His death increased tension in Dagestan in particular, prompting an official day of mourning locally, though attacks occur almost daily. They are linked to an Islamist insurgency across the North Caucasus following two post-Soviet wars pitting the Kremlin against separatists in neighboring Chechnya.
The province also saw a bloody incident on Tuesday, in which a border guard killed seven fellow soldiers at a frontier post before being shot dead. Some Russian media suggested the killer may have been recruited by Islamist militants, but officials said the matter was still under investigation.
PUTIN PLEDGE
Though some ethnic Russians have fought alongside the Islamists in the North Caucasus, the killing of Atsayev, also known as Sheikh Said Afandi al-Chirkavi, appeared to be the first such case of an ethnic Russian suicide bomber.

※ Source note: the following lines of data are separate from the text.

fun dtr_sig :: "dtr \<Rightarrow> name \<times> params \<times> ty" where
  "dtr_sig (DtrDecl f xs T) = (f, xs, T)"
| "dtr_sig (DtrDef f xs T e) = (f, xs, T)"

text \<open>Global context collected from a list of definitions; S is the set of type
  names selected for transformation. Only selected types are kept; the sets
  associated with unselected types are empty.\<close>

definition collect :: "name set \<Rightarrow> def list \<Rightarrow> gctx" where
  "collect S ds = \<lparr>
     Dt = {D \<in> S. DData D \<in> set ds},
     It = {D \<in> S. \<exists>dts. DIface D dts \<in> set ds},
     Ctr = (\<lambda>D. if D \<in> S then {(C, xs). DCtr C xs D \<in> set ds} else {}),
     Gen = (\<lambda>D. if D \<in> S then {(C, xs). \<exists>fs. DGen C xs D fs \<in> set ds} else {}),
     Dtr = (\<lambda>D. if D \<in> S then {dtr_sig d | d dts. DIface D dts \<in> set ds \<and> d \<in> set dts} else {}),
     Csm = (\<lambda>D. if D \<in> S then {(f, xs, T). \<exists>cls. DCsm f D xs T cls \<in> set ds} else {}) \<rparr>"

section \<open>Well-formedness (guaranteed by typability of the source program)\<close>

definition wf_defs :: "def list \<Rightarrow> bool" where
  "wf_defs ds \<longleftrightarrow>
     (\<forall>D dts. \<not> (DData D \<in> set ds \<and> DIface D dts \<in> set ds)) \<and>
     (\<forall>C xs D. DCtr C xs D \<in> set ds \<longrightarrow> DData D \<in> set ds) \<and>
     (\<forall>C xs D fs. DGen C xs D fs \<in> set ds \<longrightarrow> (\<exists>dts. DIface D dts \<in> set ds)) \<and>
     (\<forall>f D xs T cls. DCsm f D xs T cls \<in> set ds \<longrightarrow> DData D \<in> set ds)"

text \<open>The translation of inner expressions (type-directed in the paper) is kept
  abstract as a parameter tr.\<close>

definition consumers_of :: "name \<Rightarrow> def list \<Rightarrow> (name \<times> params \<times> ty \<times> (pat \<times> exp) list) list" where
  "consumers_of D ds = concat (map (\<lambda>d. case d of
       DCsm f D' xs T cls \<Rightarrow> if D' = D then [(f, xs, T, cls)] else []
     | _ \<Rightarrow> []) ds)"
lemma measure_PiM_single_big_jump_ge:
  fixes N :: "real measure" and s t \<mu> :: real
  assumes N: "prob_space N" and sN: "sets N = sets borel" and I: "finite I" and i: "i \<in> I"
    and sq_int: "integrable N (\<lambda>x. x\<^sup>2)" and mu: "\<mu> = (\<integral>x. x \<partial>N)" and t: "t > 0"
  defines "P \<equiv> PiM I (\<lambda>_. N)" and "q \<equiv> measure N {s<..}"
    and "v \<equiv> (\<integral>x. (x - \<mu>)\<^sup>2 \<partial>N)"
  shows "q * (1 - real (card I) * q - 4 * real (card I) * v / t\<^sup>2)
    \<le> measure P {x \<in> space P. s < x i \<and> (\<forall>j\<in>I - {i}. x j \<le> s) \<and> - t / 2 \<le> (\<Sum>j\<in>I - {i}. x j - \<mu>)}"
proof -
  define K where "K = I - {i}"
  define Q where "Q = {f \<in> space (PiM K (\<lambda>_. N)). (\<forall>j\<in>K. f j \<le> s) \<and> - t / 2 \<le> (\<Sum>j\<in>K. f j - \<mu>)}"
  define C where "C = {x \<in> space P. (\<forall>j\<in>K. x j \<le> s) \<and> - t / 2 \<le> (\<Sum>j\<in>K. x j - \<mu>)}"
  have K: "K \<subseteq> I" "i \<notin> K" "finite K" unfolding K_def using I by auto
  have Q: "Q \<in> sets (PiM K (\<lambda>_. N))" unfolding Q_def using sN K(3) by measurable
  have restrict_Q: "restrict x K \<in> Q \<longleftrightarrow> (\<forall>j\<in>K. x j \<le> s) \<and> - t / 2 \<le> (\<Sum>j\<in>K. x j - \<mu>)"
    if "x \<in> space P" for x
    using that K(1) unfolding Q_def P_def by (auto simp: space_PiM)
  have "measure P {x \<in> space P. x i \<in> {s<..} \<and> restrict x K \<in> Q}
      = q * measure P {x \<in> space P. restrict x K \<in> Q}"
    unfolding P_def q_def by (rule measure_PiM_component_Int_restrict[OF N sN I i K(1,2) _ Q]) simp
  moreover have "{x \<in> space P. x i \<in> {s<..} \<and> restrict x K \<in> Q}
      = {x \<in> space P. s < x i \<and> (\<forall>j\<in>K. x j \<le> s) \<and> - t / 2 \<le> (\<Sum>j\<in>K. x j - \<mu>)}"
    "{x \<in> space P. restrict x K \<in> Q} = C"
    unfolding C_def by (auto simp: restrict_Q)
  moreover have "1 - card I * q - 4 * real (card I) * v / t\<^sup>2 \<le> measure P C"
  proof -
    have card: "real (card K) \<le> card I" using card_mono[OF I K(1)] by simp
    have "real (card K) * q \<le> card I * q"
      using card unfolding q_def by (rule mult_right_mono) simp
    moreover have "4 * real (card K) * v / t\<^sup>2 \<le> 4 * real (card I) * v / t\<^sup>2"
      using card unfolding v_def by (intro divide_right_mono mult_right_mono mult_left_mono) auto
    moreover have "1 - card K * q - 4 * real (card K) * v / t\<^sup>2 \<le> measure P C"
      using measure_PiM_coordinates_le_and_centered_sum_ge[OF N sN I K(1) sq_int mu t]
      unfolding C_def P_def q_def v_def by simp
    ultimately show ?thesis by linarith
  qed
  ultimately show ?thesis
    unfolding K_def[symmetric] q_def by (simp add: mult_left_mono)
qed
(* Consider $\mathbb{R}^4$ with coordinates $(u_1,u_2,p_{u_1},p_{u_2})$ and the Poisson bracket $$\{u_1,u_2\}=0,\quad \{p_{u_1},p_{u_2}\}=0,\quad \{u_i,p_{u_j}\}=\delta_{ij}\,u_i .$$ On the open set where $u_1u_2\neq0$, $u_1\neq u_2$ and $p_{u_1}u_2\neq p_{u_2}u_1$, define $$a=\frac{p_{u_1}^2}{u_1-u_2}+\frac{p_{u_2}^2}{u_2-u_1}-u_1^2-u_1u_2-u_2^2,\qquad b=\frac{u_2p_{u_1}^2}{u_2-u_1}+\frac{u_1p_{u_2}^2}{u_1-u_2}+(u_1+u_2)u_1u_2,$$ $$b_1=\frac{p_{u_1}u_2-p_{u_2}u_1}{u_1u_2(u_1-u_2)},\qquad b_0=-\frac{p_{u_1}u_2^2-p_{u_2}u_1^2}{u_1u_2(u_1-u_2)},$$ so that the parabola $y=x(b_1x+b_0)$ passes through $(u_1,p_{u_1})$ and $(u_2,p_{u_2})$. Then the quartic polynomial $x^3+ax+b-x^2(b_1x+b_0)^2$ is divisible by $(x-u_1)(x-u_2)$; let $v_1,v_2$ be the roots of the quadratic quotient. On an open subset $W$ where $v_1,v_2$ are real and distinct and can be chosen as smooth functions, define $$p_{v_j}=-v_j\,(b_1v_j+b_0),\qquad j=1,2,$$ and the map $\rho:(u_1,u_2,p_{u_1},p_{u_2})\mapsto(v_1,v_2,p_{v_1},p_{v_2})$. Then: (i) $\rho$ preserves the functions $a$ and $b$, i.e. $a\circ\rho=a$ and $b\circ\rho=b$ on $W$; (ii) $\rho$ preserves the Poisson bracket above: $\{v_1,v_2\}=0$, $\{p_{v_1},p_{v_2}\}=0$, $\{v_i,p_{v_j}\}=\delta_{ij}\,v_i$.
   Context: For the bracket $\{u_i,p_{u_j}\}=\delta_{ij}u_i$ one has $\{f,g\}=\sum_{i=1}^2 u_i\left(\frac{\partial f}{\partial u_i}\frac{\partial g}{\partial p_{u_i}}-\frac{\partial f}{\partial p_{u_i}}\frac{\partial g}{\partial u_i}\right)$. The functions $a,b$ are in involution with respect to this bracket; they are the unique functions with $p_{u_i}^2=u_i^3+au_i+b$, $i=1,2$. *)

theory Defs
  imports "HOL-Analysis.Analysis" "HOL-Computational_Algebra.Polynomial"
begin

type_synonym R4 = "real \<times> real \<times> real \<times> real"

definition cu1 :: "R4 \<Rightarrow> real" where "cu1 z = fst z"
definition cu2 :: "R4 \<Rightarrow> real" where "cu2 z = fst (snd z)"
definition cp1 :: "R4 \<Rightarrow> real" where "cp1 z = fst (snd (snd z))"
definition cp2 :: "R4 \<Rightarrow> real" where "cp2 z = snd (snd (snd z))"

definition pd :: "(R4 \<Rightarrow> real) \<Rightarrow> R4 \<Rightarrow> R4 \<Rightarrow> real" where
  "pd f e z = frechet_derivative f (at z) e"

definition du1 :: "(R4 \<Rightarrow> real) \<Rightarrow> R4 \<Rightarrow> real" where "du1 f z = pd f (1,0,0,0) z"
definition du2 :: "(R4 \<Rightarrow> real) \<Rightarrow> R4 \<Rightarrow> real" where "du2 f z = pd f (0,1,0,0) z"
definition dp1 :: "(R4 \<Rightarrow> real) \<Rightarrow> R4 \<Rightarrow> real" where "dp1 f z = pd f (0,0,1,0) z"
definition dp2 :: "(R4 \<Rightarrow> real) \<Rightarrow> R4 \<Rightarrow> real" where "dp2 f z = pd f (0,0,0,1) z"

definition pb :: "(R4 \<Rightarrow> real) \<Rightarrow> (R4 \<Rightarrow> real) \<Rightarrow> R4 \<Rightarrow> real" where
  "pb f g z =
     cu1 z * (du1 f z * dp1 g z - dp1 f z * du1 g z)
   + cu2 z * (du2 f z * dp2 g z - dp2 f z * du2 g z)"

definition fa :: "R4 \<Rightarrow> real" where
  "fa z = (let u1 = cu1 z; u2 = cu2 z; p1 = cp1 z; p2 = cp2 z in
     p1^2 / (u1 - u2) + p2^2 / (u2 - u1) - u1^2 - u1*u2 - u2^2)"

definition fb :: "R4 \<Rightarrow> real" where
  "fb z = (let u1 = cu1 z; u2 = cu2 z; p1 = cp1 z; p2 = cp2 z in
     u2 * p1^2 / (u2 - u1) + u1 * p2^2 / (u1 - u2) + (u1 + u2) * u1 * u2)"

definition fb1 :: "R4 \<Rightarrow> real" where
  "fb1 z = (let u1 = cu1 z; u2 = cu2 z; p1 = cp1 z; p2 = cp2 z in
     (p1 * u2 - p2 * u1) / (u1 * u2 * (u1 - u2)))"

definition fb0 :: "R4 \<Rightarrow> real" where
  "fb0 z = (let u1 = cu1 z; u2 = cu2 z; p1 = cp1 z; p2 = cp2 z in
     - ((p1 * u2^2 - p2 * u1^2) / (u1 * u2 * (u1 - u2))))"

definition dom4 :: "R4 set" where
  "dom4 = {z. cu1 z * cu2 z \<noteq> 0 \<and> cu1 z \<noteq> cu2 z \<and> cp1 z * cu2 z \<noteq> cp2 z * cu1 z}"

definition quartic :: "R4 \<Rightarrow> real poly" where
  "quartic z = [:fb z, fa z, 0, 1:] - [:0, fb0 z, fb1 z:]^2"

definition divisor :: "R4 \<Rightarrow> real poly" where
  "divisor z = [:- cu1 z, 1:] * [:- cu2 z, 1:]"

definition quotient :: "R4 \<Rightarrow> real poly" where
  "quotient z = quartic z div divisor z"

definition pv :: "(R4 \<Rightarrow> real) \<Rightarrow> R4 \<Rightarrow> real" where
  "pv v z = - v z * (fb1 z * v z + fb0 z)"

definition rho :: "(R4 \<Rightarrow> real) \<Rightarrow> (R4 \<Rightarrow> real) \<Rightarrow> R4 \<Rightarrow> R4" where
  "rho v1 v2 z = (v1 z, v2 z, pv v1 z, pv v2 z)"

end

theory Submission
  imports Defs
begin

text \<open>
  On the domain the point is encoded by (u1, u2, b1, b0), since p_i = u_i (b1 u_i + b0). In these
  terms the quartic is -b1^2 (x - u1) (x - u2) (x^2 - S x + P) with S = 1/b1^2 - 2 b0/b1 - u1 - u2
  and P = (b0/b1)^2 - (u1 + u2) S - u1 u2. Both (u_i, p_i) and (v_j, p_vj) lie on the intersection
  of the parabola y = x (b1 x + b0) with the cubic y^2 = x^3 + a x + b, and a, b are recovered from
  any two points of that cubic with distinct abscissae; this gives (i).

  For (ii), differentiating p_i = u_i (b1 u_i + b0) yields the gradients of b1, b0, hence the
  brackets of u1, u2, b1, b0, and from them {S, b1} = 0, {S, b0} = -1, {P, b1} = 1, {P, b0} = -S,
  {S, P} = 0. Since v1 + v2 = S and v1 v2 = P, the gradients of v1, v2 are determined by those of
  S and P, and the brackets of v_j and p_vj = -v_j (b1 v_j + b0) follow by bilinear algebra.
\<close>

section \<open>Linear algebra\<close>

lemma sum_prod_of_distinct_roots:
  fixes S P x y :: "'a::idom"
  assumes "x \<noteq> y" and "x^2 - S * x + P = 0" and "y^2 - S * y + P = 0"
  shows "x + y = S \<and> x * y = P"
proof -
  have "(x - y) * (x + y - S) = 0"
    using assms(2,3) by algebra
  then have "x + y = S"
    using assms(1) by simp
  with assms(2) show ?thesis
    by algebra
qed

lemma vandermonde2_solve:
  fixes X Y R1 R2 :: "'a::real_vector"
  assumes "u1 \<noteq> u2" and "u1 *\<^sub>R X + Y = R1" and "u2 *\<^sub>R X + Y = R2"
  shows "X = (1 / (u1 - u2)) *\<^sub>R (R1 - R2)" and "Y = (1 / (u1 - u2)) *\<^sub>R (u1 *\<^sub>R R2 - u2 *\<^sub>R R1)"
proof -
  have X: "R1 - R2 = (u1 - u2) *\<^sub>R X" and Y: "u1 *\<^sub>R R2 - u2 *\<^sub>R R1 = (u1 - u2) *\<^sub>R Y"
    unfolding assms(2,3)[symmetric] by (simp_all add: algebra_simps)
  show "X = (1 / (u1 - u2)) *\<^sub>R (R1 - R2)" and "Y = (1 / (u1 - u2)) *\<^sub>R (u1 *\<^sub>R R2 - u2 *\<^sub>R R1)"
    unfolding X Y using assms(1) by simp_all
qed

lemma alternating_bilinear_antisym:
  assumes "bilinear B" and "\<And>x. B x x = 0"
  shows "B y x = - B x y"
proof -
  have "B (x + y) (x + y) = B x y + B y x"
    by (simp only: bilinear_ladd[OF assms(1)] bilinear_radd[OF assms(1)]) (simp add: assms(2))
  then show ?thesis
    using assms(2)[of "x + y"] by (simp add: eq_neg_iff_add_eq_0 add.commute)
qed
(* Let $G_m$ be a parametric regulatory network, $R$ a well-formed set of influence constraints, $v\in V$, and $(L,U)$ a pair of parametrisations. Let $M_v=\{(u,v,s)\in R\mid s\in\{-1,+1\}\}$. Then $\nabla_{M_v}(L,U)=(L,U)$ if and only if for all $\omega,\omega'\in\Omega_v$ with $\omega\preceq_v\omega'$ we have $L_{v,\omega}\le L_{v,\omega'}$ and $U_{v,\omega}\le U_{v,\omega'}$.
   Context: An influence graph is $G=(V,I)$, $V=\{1,\dots,n\}$, $I\subseteq V\times V$; regulators $n^-(v)=\{u\mid(u,v)\in I\}$. $m\in\mathbb N^n$, $D_v=\{0,\dots,m_v\}$, PRN $G_m=(G,m)$. Regulator states $\Omega_v=\prod_{u\in n^-(v)}D_u$; $\omega[u\leftarrow k]$ replaces component $u$ of $\omega$ by $k$. Parametrisations: vectors with coordinates $P_{v,\omega}\in D_v$ for $v\in V$, $\omega\in\Omega_v$. $R\subseteq V\times V\times\{+1,-1,\mathrm o\}$ is well-formed if $u\in n^-(v)$ for all $(u,v,c)\in R$ and never both $(u,v,+1),(u,v,-1)\in R$. Order $\preceq_v$ on $\Omega_v$: $\omega\preceq_v\omega'$ iff for all $u\in n^-(v)$, $\omega_u\le\omega'_u$ if $(u,v,+1)\in R$, $\omega_u\ge\omega'_u$ if $(u,v,-1)\in R$, $\omega_u=\omega'_u$ otherwise. For $s\in\{+1,-1\}$, $\nabla_{(u,v,s)}(L,U)$ is the fixpoint of iterating from $(L,U)$ the map $f(L,U)=(L',U')$ with, for all $\omega\in\Omega_v$, $L'_{v,\omega}=\max(\{L_{v,\omega}\}\cup\{L_{v,\omega[u\leftarrow\omega_u-s]}\mid\omega_u-s\in D_u\})$ and $U'_{v,\omega}=\min(\{U_{v,\omega}\}\cup\{U_{v,\omega[u\leftarrow\omega_u+s]}\mid\omega_u+s\in D_u\})$, all coordinates of other nodes unchanged. For a set $R'$ of such constraints, $\nabla_{R'}(L,U)$ is the fixpoint of iterating from $(L,U)$ the composition of the operators $\nabla_r$, $r\in R'$. *)

theory Defs
  imports Main "HOL-Library.FuncSet"
begin
lemma expectation_misses:
  assumes B: "B \<subseteq> {..<m}"
  shows "measure_pmf.expectation gen (\<lambda>x. misses x B) = 1 - hit_prob R dmax eps m (card B)"
proof -
  have "measure_pmf.expectation gen (\<lambda>x. misses x B) =
     (\<Sum>d=1..dmax. pmf R d * (1 - (1 - eps) * meet_prob m (card B) (min d m)))"
    unfolding expectation_ldgm_gen[OF R eps]
  proof (intro sum.cong refl arg_cong2[where f = "(*)"])
    fix d
    have "(\<Sum>S\<in>ksubsets m (min d m). eps * misses (S, True) B + (1 - eps) * misses (S, False) B)
        = eps * real (m choose min d m) + (1 - eps) * (\<Sum>S\<in>ksubsets m (min d m). of_bool (S \<inter> B = {}))"
      by (simp add: misses_def sum.distrib sum_distrib_left card_ksubsets)
    also have "\<dots> = (1 - (1 - eps) * meet_prob m (card B) (min d m)) * real (m choose min d m)"
      by (simp add: sum_ksubsets_avoiding[OF B] algebra_simps)
    finally show "(\<Sum>S\<in>ksubsets m (min d m). eps * misses (S, True) B + (1 - eps) * misses (S, False) B)
        / real (m choose min d m) = 1 - (1 - eps) * meet_prob m (card B) (min d m)"
      by simp
  qed
  also have "\<dots> = (\<Sum>d=1..dmax. pmf R d) - (1 - eps) * (\<Sum>d=1..dmax. pmf R d * meet_prob m (card B) (min d m))"
    by (simp add: sum_subtractf sum_distrib_left right_diff_distrib mult_ac)
  also have "\<dots> = 1 - hit_prob R dmax eps m (card B)"
    using sum_pmf_eq_1[of "{1..dmax}" R] R by (simp add: hit_prob_def)
  finally show ?thesis .
qed

lemma expectation_hits_mult:
  assumes i: "i < m"
  shows "measure_pmf.expectation gen (\<lambda>x. hits x i * g (card (fst x))) =
     (1 - eps) * (\<Sum>d=1..dmax. pmf R d * meet_prob m 1 (min d m) * g (min d m))"
proof -
  have "measure_pmf.expectation gen (\<lambda>x. hits x i * g (card (fst x))) =
     (\<Sum>d=1..dmax. pmf R d * ((1 - eps) * meet_prob m 1 (min d m) * g (min d m)))"
    unfolding expectation_ldgm_gen[OF R eps]
  proof (intro sum.cong refl arg_cong2[where f = "(*)"])
    fix d
    define c where "c = min d m"
    have avoiding: "(\<Sum>S\<in>ksubsets m c. of_bool (S \<inter> {i} = {}) :: real) = (1 - meet_prob m 1 c) * real (m choose c)"
      using sum_ksubsets_avoiding[of "{i}" m c] i by (simp add: c_def)
    have "(\<Sum>S\<in>ksubsets m c. eps * (hits (S, True) i * g (card S)) + (1 - eps) * (hits (S, False) i * g (card S)))
        = (1 - eps) * g c * (\<Sum>S\<in>ksubsets m c. 1 - of_bool (S \<inter> {i} = {}))"
      unfolding sum_distrib_left by (intro sum.cong refl) (auto simp: hits_def ksubsets_def)
    also have "\<dots> = (1 - eps) * g c * (meet_prob m 1 c * real (m choose c))"
      by (simp only: sum_subtractf avoiding) (simp add: card_ksubsets algebra_simps)
    finally show "(\<Sum>S\<in>ksubsets m (min d m). eps * (hits (S, True) i * g (card (fst (S, True))))
          + (1 - eps) * (hits (S, False) i * g (card (fst (S, False))))) / real (m choose min d m)
       = (1 - eps) * meet_prob m 1 (min d m) * g (min d m)"
      by (simp add: c_def)
  qed
  also have "\<dots> = (1 - eps) * (\<Sum>d=1..dmax. pmf R d * meet_prob m 1 (min d m) * g (min d m))"
    by (simp add: sum_distrib_left mult_ac)
  finally show ?thesis .
qed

Insurgents in Dagestan frequently attack government and security officials and have also increasingly targeted traditional mainstream Muslim leaders who are backed by the authorities. Atsayev was among the most prominent of these.
Putin owed some of his initial popularity to his launching, when prime minister, of a second war against Chechen separatists in 1999. He then swiftly succeeded Boris Yeltsin as president.
Now, the 59-year-old leader, who started another six-year presidential term in May, is eager to prevent the militant Islam that has flourished during the insurgency in the Caucasus from gaining ground in other regions with large Muslim populations.
“We will not allow anyone to tear our country apart by exploiting ethnic and religious differences,” Putin said on Tuesday in Tatarstan, a long-peaceful region with substantial oil reserves, where the senior officially backed Muslim cleric was wounded last month and one of his deputies killed.